En outre, des travaux en neurosciences montrent :
-que c’est une technologie qui permet de stimuler les circuits neuronaux de la mémoire, d’améliorer les performances lors d’épreuves de raisonnement, lors de l’apprentissage de la lecture chez les enfants dyslexiques,
-qu’elle a un effet dynamogénique sur les auditeurs,
-qu’elle réduit les troubles de l’humeur (autistes, schizophrènes, patients Alzheimer),
-qu’elle réduit les conséquences cognitives des atteintes cérébrales.

Pour ces raisons, enseigner la musique dans la scolarité obligatoire de tous les élèves paraît indispensable.
Même si la qualité est au rendez-vous, la formation des enseignants du premier degré en matière d’enseignement musical est très réduite.

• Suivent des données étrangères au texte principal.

lemma graph_norm_tendsto_zero:
  fixes f :: "nat \<Rightarrow> nat \<Rightarrow> 'a::real_normed_vector"
  assumes "\<And>i. i \<in> {1..k} \<Longrightarrow> (\<lambda>m. f m i) \<longlonglongrightarrow> x i"
    and "\<And>i. i \<in> {1..k} \<Longrightarrow> (\<lambda>m. L (f m) i) \<longlonglongrightarrow> L x i"
    and "\<And>m. L (f m - x) = L (f m) - L x"
  shows "(\<lambda>m. graph_norm k L (f m - x)) \<longlonglongrightarrow> 0"
  using tendsto_add[OF PN_tendsto_zero[OF assms(1)] PN_tendsto_zero[of k "\<lambda>m. L (f m)" "L x"]] assms(2,3)
  by (simp add: graph_norm_def)

section \<open>Closed operator matrices\<close>

locale closed_operator_matrix =
  fixes X :: "nat \<Rightarrow> 'a::{complex_normed_vector,banach} set"
    and DA :: "nat \<Rightarrow> nat \<Rightarrow> 'a set" and A :: "nat \<Rightarrow> nat \<Rightarrow> 'a \<Rightarrow> 'a" and k :: nat
  assumes banach: "\<And>i. i \<in> {1..k} \<Longrightarrow> banach_subspace (X i)"
    and lin: "\<And>i j. i \<in> {1..k} \<Longrightarrow> j \<in> {1..k} \<Longrightarrow> lin_op (X j) (X i) (DA i j) (A i j)"
    and diag_closed: "\<And>i. i \<in> {1..k} \<Longrightarrow> closed_op (DA i i) (A i i)"
    and off_diag_bounded: "\<And>i j. i \<in> {1..k} \<Longrightarrow> j \<in> {1..k} \<Longrightarrow> i \<noteq> j \<Longrightarrow>
      rel_bounded_gen norm norm (DA i j) (A i j) (DA j j) (A j j)"
    and matrix_closed: "block_closed X DA A k"
begin

lemma entries_rel_bounded:
  "i \<in> {1..k} \<Longrightarrow> j \<in> {1..k} \<Longrightarrow> rel_bounded_gen norm norm (DA i j) (A i j) (DA j j) (A j j)"
  by (cases "i = j") (auto simp: rel_bounded_gen_refl off_diag_bounded)

lemma BD_component:
  assumes "x \<in> BD DA k" "i \<in> {1..k}" "j \<in> {1..k}"
  shows "x j \<in> DA i j"
proof -
  have "DA j j \<subseteq> DA i j"
    using entries_rel_bounded[OF assms(2,3)] by (simp add: rel_bounded_gen_def)
  moreover have "x j \<in> DA j j"
    using assms(1,3) by (simp add: BD_def PS_def)
  ultimately show ?thesis by blast
qed

lemma BD_subset_PS: "BD DA k \<subseteq> PS X k"
  using lin_op_domain[OF lin] by (fastforce simp: BD_def PS_def)

lemma subspace_BD: "subspace (BD DA k)"
  unfolding BD_def using lin_op_subspace[OF lin] by (intro subspace_PS) auto

lemma BA_add: "x \<in> BD DA k \<Longrightarrow> y \<in> BD DA k \<Longrightarrow> BA A k (x + y) = BA A k x + BA A k y"
  by (auto simp: fun_eq_iff BA_def lin_op_add[OF lin] BD_component sum.distrib)

lemma BA_scaleR: "x \<in> BD DA k \<Longrightarrow> BA A k (c *\<^sub>R x) = c *\<^sub>R BA A k x"
  by (auto simp: fun_eq_iff BA_def lin_op_scaleR[OF lin] BD_component scaleR_sum_right)

lemma BA_diff: "x \<in> BD DA k \<Longrightarrow> y \<in> BD DA k \<Longrightarrow> BA A k (x - y) = BA A k x - BA A k y"
  by (auto simp: fun_eq_iff BA_def lin_op_diff[OF lin] BD_component sum_subtractf)

lemma diag_op_add: "x \<in> BD DA k \<Longrightarrow> y \<in> BD DA k \<Longrightarrow> diag_op A k (x + y) = diag_op A k x + diag_op A k y"
  by (auto simp: fun_eq_iff diag_op_def lin_op_add[OF lin] BD_component)

lemma diag_op_scaleR: "x \<in> BD DA k \<Longrightarrow> diag_op A k (c *\<^sub>R x) = c *\<^sub>R diag_op A k x"
  by (auto simp: fun_eq_iff diag_op_def lin_op_scaleR[OF lin] BD_component)

lemma diag_op_diff: "x \<in> BD DA k \<Longrightarrow> y \<in> BD DA k \<Longrightarrow> diag_op A k (x - y) = diag_op A k x - diag_op A k y"
  by (auto simp: fun_eq_iff diag_op_def lin_op_diff[OF lin] BD_component)

lemma seminorm_on_matrix_graph_norm: "seminorm_on (BD DA k) (graph_norm k (BA A k))"
  by (intro seminorm_on_graph_norm BA_add BA_scaleR)

lemma seminorm_on_diag_graph_norm: "seminorm_on (BD DA k) (graph_norm k (diag_op A k))"
  by (intro seminorm_on_graph_norm diag_op_add diag_op_scaleR)

lemma matrix_graph_norm_le_diag_graph_norm:
  obtains C where "\<And>x. x \<in> BD DA k \<Longrightarrow> graph_norm k (BA A k) x \<le> C * graph_norm k (diag_op A k) x"
proof -
  have "rel_bounded_gen norm norm ((\<lambda>(i, j). DA i j) p) ((\<lambda>(i, j). A i j) p) ((\<lambda>(i, j). DA j j) p) ((\<lambda>(i, j). A j j) p)"
    if "p \<in> {1..k} \<times> {1..k}" for p
    using that entries_rel_bounded by auto
  then obtain a b where "a \<ge> 0" "b \<ge> 0" and ab: "\<And>p v. p \<in> {1..k} \<times> {1..k} \<Longrightarrow> v \<in> (\<lambda>(i, j). DA j j) p \<Longrightarrow>
      norm ((\<lambda>(i, j). A i j) p v) \<le> a * norm v + b * norm ((\<lambda>(i, j). A j j) p v)"
    using rel_bounded_gen_uniform[of "{1..k} \<times> {1..k}"] by blast
  have "graph_norm k (BA A k) x \<le> (1 + real k * (a + b)) * graph_norm k (diag_op A k) x"
    if x: "x \<in> BD DA k" for x
  proof -
    have "PN k (BA A k x) \<le> (\<Sum>i=1..k. \<Sum>j=1..k. a * norm (x j) + b * norm (diag_op A k x j))"
      unfolding PN_def
    proof (rule sum_mono)
      fix i assume i: "i \<in> {1..k}"
      have "norm (BA A k x i) \<le> (\<Sum>j=1..k. norm (A i j (x j)))"
        using i by (simp add: BA_def norm_sum)
      also have "\<dots> \<le> (\<Sum>j=1..k. a * norm (x j) + b * norm (diag_op A k x j))"
        using ab[of "(i, _)"] i x by (intro sum_mono) (auto simp: diag_op_def BD_component)
      finally show "norm (BA A k x i) \<le> (\<Sum>j=1..k. a * norm (x j) + b * norm (diag_op A k x j))" .
    qed
    also have "\<dots> = real k * (a * PN k x + b * PN k (diag_op A k x))"
      by (simp add: PN_def sum.distrib sum_distrib_left)
    also have "\<dots> \<le> real k * (a + b) * graph_norm k (diag_op A k) x"
      using \<open>a \<ge> 0\<close> \<open>b \<ge> 0\<close> PN_nonneg[of k x] PN_nonneg[of k "diag_op A k x"]
      by (simp add: graph_norm_def algebra_simps mult_left_mono add_mono)
    finally show ?thesis
      using PN_nonneg[of k "diag_op A k x"] by (simp add: graph_norm_def algebra_simps)
  qed
  then show ?thesis
    using that by blast
qed

lemma complete_diag_graph_norm: "complete_wrt (BD DA k) (graph_norm k (diag_op A k))"
  unfolding complete_wrt_def
proof (intro allI impI)
  fix f assume f: "range f \<subseteq> BD DA k" and Cauchy: "Cauchy_wrt (graph_norm k (diag_op A k)) f"
  obtain x y where x: "x \<in> PS (\<lambda>_. UNIV) k" and y: "y \<in> PS (\<lambda>_. UNIV) k"
    and lim_x: "\<And>i. i \<in> {1..k} \<Longrightarrow> (\<lambda>m. f m i) \<longlonglongrightarrow> x i"
    and lim_y: "\<And>i. i \<in> {1..k} \<Longrightarrow> (\<lambda>m. diag_op A k (f m) i) \<longlonglongrightarrow> y i"
    using graph_norm_Cauchy_limits[OF Cauchy] f diag_op_diff by blast
  have fm: "f m \<in> BD DA k" for m
    using f by auto
  then have fi: "f m i \<in> DA i i" if "i \<in> {1..k}" for m i
    using that by (auto simp: BD_def PS_def)
  have "x i \<in> DA i i" "A i i (x i) = y i" if i: "i \<in> {1..k}" for i
    using closed_op_limit[OF diag_closed[OF i] fi[OF i] lim_x[OF i]] lim_y[OF i] i
    by (simp_all add: diag_op_def)
  then have "x \<in> BD DA k" and "diag_op A k x = y"
    using x y by (auto simp: BD_def PS_def diag_op_def fun_eq_iff)
  moreover have "(\<lambda>m. graph_norm k (diag_op A k) (f m - x)) \<longlonglongrightarrow> 0"
    using lim_x lim_y diag_op_diff[OF fm \<open>x \<in> BD DA k\<close>] \<open>diag_op A k x = y\<close>
    by (intro graph_norm_tendsto_zero) auto
  ultimately show "\<exists>x\<in>BD DA k. (\<lambda>m. graph_norm k (diag_op A k) (f m - x)) \<longlonglongrightarrow> 0"
    by blast
qed

lemma complete_matrix_graph_norm: "complete_wrt (BD DA k) (graph_norm k (BA A k))"
  unfolding complete_wrt_def
proof (intro allI impI)
  fix f assume f: "range f \<subseteq> BD DA k" and Cauchy: "Cauchy_wrt (graph_norm k (BA A k)) f"
  obtain x y where x: "x \<in> PS (\<lambda>_. UNIV) k" and y: "y \<in> PS (\<lambda>_. UNIV) k"
    and lim_x: "\<And>i. i \<in> {1..k} \<Longrightarrow> (\<lambda>m. f m i) \<longlonglongrightarrow> x i"
    and lim_y: "\<And>i. i \<in> {1..k} \<Longrightarrow> (\<lambda>m. BA A k (f m) i) \<longlonglongrightarrow> y i"
    using graph_norm_Cauchy_limits[OF Cauchy] f BA_diff by blast
  have fm: "f m \<in> BD DA k" for m
    using f by auto
  have X: "subspace (X i)" "closed (X i)" if "i \<in> {1..k}" for i
    using banach[OF that] by (simp_all add: banach_subspace_def csubspace_imp_subspace)
  have "x i \<in> X i" if i: "i \<in> {1..k}" for i
  proof (rule closed_sequentially[OF X(2)[OF i] _ lim_x[OF i]])
    show "f m i \<in> X i" for m
      using f BD_subset_PS i by (auto simp: PS_def)
  qed
  moreover have "y i \<in> X i" if i: "i \<in> {1..k}" for i
  proof (rule closed_sequentially[OF X(2)[OF i] _ lim_y[OF i]])
    show "BA A k (f m) i \<in> X i" for m
      using i BD_component[OF fm, of i] lin_op_image[OF lin]
      by (auto simp: BA_def intro!: real_vector.subspace_sum[OF X(1)[OF i]])
  qed
  ultimately have "x \<in> PS X k" "y \<in> PS X k"
    using x y by (auto simp: PS_def)
  moreover have "(\<lambda>m. PN k (\<lambda>i. f m i - x i)) \<longlonglongrightarrow> 0" "(\<lambda>m. PN k (\<lambda>i. BA A k (f m) i - y i)) \<longlonglongrightarrow> 0"
    using PN_tendsto_zero[OF lim_x] PN_tendsto_zero[OF lim_y] by (simp_all add: fun_diff_def)
  ultimately have "x \<in> BD DA k" "BA A k x = y"
    using matrix_closed f unfolding block_closed_def by blast+
  moreover have "(\<lambda>m. graph_norm k (BA A k) (f m - x)) \<longlonglongrightarrow> 0"
    using lim_x lim_y BA_diff[OF fm \<open>x \<in> BD DA k\<close>] \<open>BA A k x = y\<close>
    by (intro graph_norm_tendsto_zero) auto
  ultimately show "\<exists>x\<in>BD DA k. (\<lambda>m. graph_norm k (BA A k) (f m - x)) \<longlonglongrightarrow> 0"
    by blast
qed

theorem diag_graph_norm_le_matrix_graph_norm:
  obtains K where "\<And>x. x \<in> BD DA k \<Longrightarrow> graph_norm k (diag_op A k) x \<le> K * graph_norm k (BA A k) x"
proof -
  obtain C where dominated: "\<And>x. x \<in> BD DA k \<Longrightarrow> graph_norm k (BA A k) x \<le> C * graph_norm k (diag_op A k) x"
    using matrix_graph_norm_le_diag_graph_norm by blast
  have definite: "x = 0" if "x \<in> BD DA k" "graph_norm k (BA A k) x = 0" for x
    using graph_norm_eq_0 BD_subset_PS that by blast
  show ?thesis
    using complete_norms_reverse_bound[OF subspace_BD seminorm_on_matrix_graph_norm definite
        complete_matrix_graph_norm seminorm_on_diag_graph_norm complete_diag_graph_norm dominated] that
    by blast
qed

lemma row_rel_bounded:
  assumes T: "\<And>j. j \<in> {1..k} \<Longrightarrow> rel_bounded_gen norm norm (DT j) (T j) (DA j j) (A j j)"
  shows "rel_bounded_gen (PN k) norm (PS DT k) (rowT T k) (BD DA k) (BA A k)"
proof -
  obtain a b where "a \<ge> 0" "b \<ge> 0"
    and ab: "\<And>j v. j \<in> {1..k} \<Longrightarrow> v \<in> DA j j \<Longrightarrow> norm (T j v) \<le> a * norm v + b * norm (A j j v)"
    by (rule rel_bounded_gen_uniform[of "{1..k}" DT T "\<lambda>j. DA j j" "\<lambda>j. A j j", OF _ T]) auto
  obtain K where K: "\<And>x. x \<in> BD DA k \<Longrightarrow> graph_norm k (diag_op A k) x \<le> K * graph_norm k (BA A k) x"
    using diag_graph_norm_le_matrix_graph_norm by blast
  define c where "c = max a b * max K 0"
  have "norm (rowT T k x) \<le> c * PN k x + c * PN k (BA A k x)" if x: "x \<in> BD DA k" for x
  proof -
    have "norm (rowT T k x) \<le> (\<Sum>j=1..k. a * norm (x j) + b * norm (diag_op A k x j))"
      unfolding rowT_def using ab x
      by (intro order_trans[OF norm_sum] sum_mono) (auto simp: BD_def PS_def diag_op_def)
    also have "\<dots> = a * PN k x + b * PN k (diag_op A k x)"
      by (simp add: PN_def sum.distrib sum_distrib_left)
    also have "\<dots> \<le> max a b * graph_norm k (diag_op A k) x"
      using PN_nonneg[of k x] PN_nonneg[of k "diag_op A k x"]
      by (simp add: graph_norm_def distrib_left add_mono mult_right_mono)
    also have "\<dots> \<le> max a b * (max K 0 * graph_norm k (BA A k) x)"
      using K[OF x] \<open>a \<ge> 0\<close> PN_nonneg[of k x] PN_nonneg[of k "BA A k x"]
      by (intro mult_left_mono order_trans[OF _ mult_right_mono[of K "max K 0"]])
        (auto simp: graph_norm_def)
    finally show ?thesis
      by (simp add: c_def graph_norm_def algebra_simps)
  qed
  moreover have "BD DA k \<subseteq> PS DT k"
    using T by (auto simp: BD_def PS_def rel_bounded_gen_def)
  moreover have "c \<ge> 0"
    using \<open>a \<ge> 0\<close> by (simp add: c_def)
  ultimately show ?thesis
    unfolding rel_bounded_gen_def by blast
qed

end

lemma block_resolventD:
  fixes DA :: "nat \<Rightarrow> nat \<Rightarrow> 'a::complex_normed_vector set" and A :: "nat \<Rightarrow> nat \<Rightarrow> 'a \<Rightarrow> 'a"
    and k :: nat and l :: complex
  defines "R \<equiv> the_inv_into (BD DA k) (\<lambda>x i. scaleC l (x i) - BA A k x i)"
  assumes l: "l \<notin> block_spec X DA A k" and y: "y \<in> PS X k"
  shows block_resolvent_in_domain: "R y \<in> BD DA k"
    and PN_block_resolvent_graph: "PN k (BA A k (R y)) \<le> cmod l * PN k (R y) + PN k y"
proof -
  have inj: "inj_on (\<lambda>x i. scaleC l (x i) - BA A k x i) (BD DA k)"
    and onto: "(\<lambda>x i. scaleC l (x i) - BA A k x i) ` BD DA k = PS X k"
    using l by (simp_all add: block_spec_def resolvent_ok_def bij_betw_def)
  show "R y \<in> BD DA k"
    using the_inv_into_into[OF inj, of y] onto y by (simp add: R_def)
  have R_eq: "(\<lambda>i. scaleC l (R y i) - BA A k (R y) i) = y"
    using f_the_inv_into_f[OF inj, of y] onto y by (simp add: R_def)
  have "PN k (BA A k (R y)) \<le> (\<Sum>i=1..k. cmod l * norm (R y i) + norm (y i))"
    unfolding PN_def
  proof (rule sum_mono)
    fix i
    have "BA A k (R y) i = scaleC l (R y i) - y i"
      using fun_cong[OF R_eq, of i] by (simp add: algebra_simps)
    then show "norm (BA A k (R y) i) \<le> cmod l * norm (R y i) + norm (y i)"
      using norm_triangle_ineq4[of "scaleC l (R y i)" "y i"] by (simp add: norm_scaleC)
  qed
  also have "\<dots> = cmod l * PN k (R y) + PN k y"
    by (simp add: PN_def sum.distrib sum_distrib_left)
  finally show "PN k (BA A k (R y)) \<le> cmod l * PN k (R y) + PN k y" .
qed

logo_odile_tripier_lla.jpgProfitons de la réflexion sur le continuum licence-master dans le cadre des ESPE (écoles supérieures du professorat et de l’éducation), pour repenser l’équilibre de la formation de ces enseignants polyvalents, sans écarter les possibles interventions de partenaires extérieurs, mais qui demeurent liées à la richesse des collectivités territoriales.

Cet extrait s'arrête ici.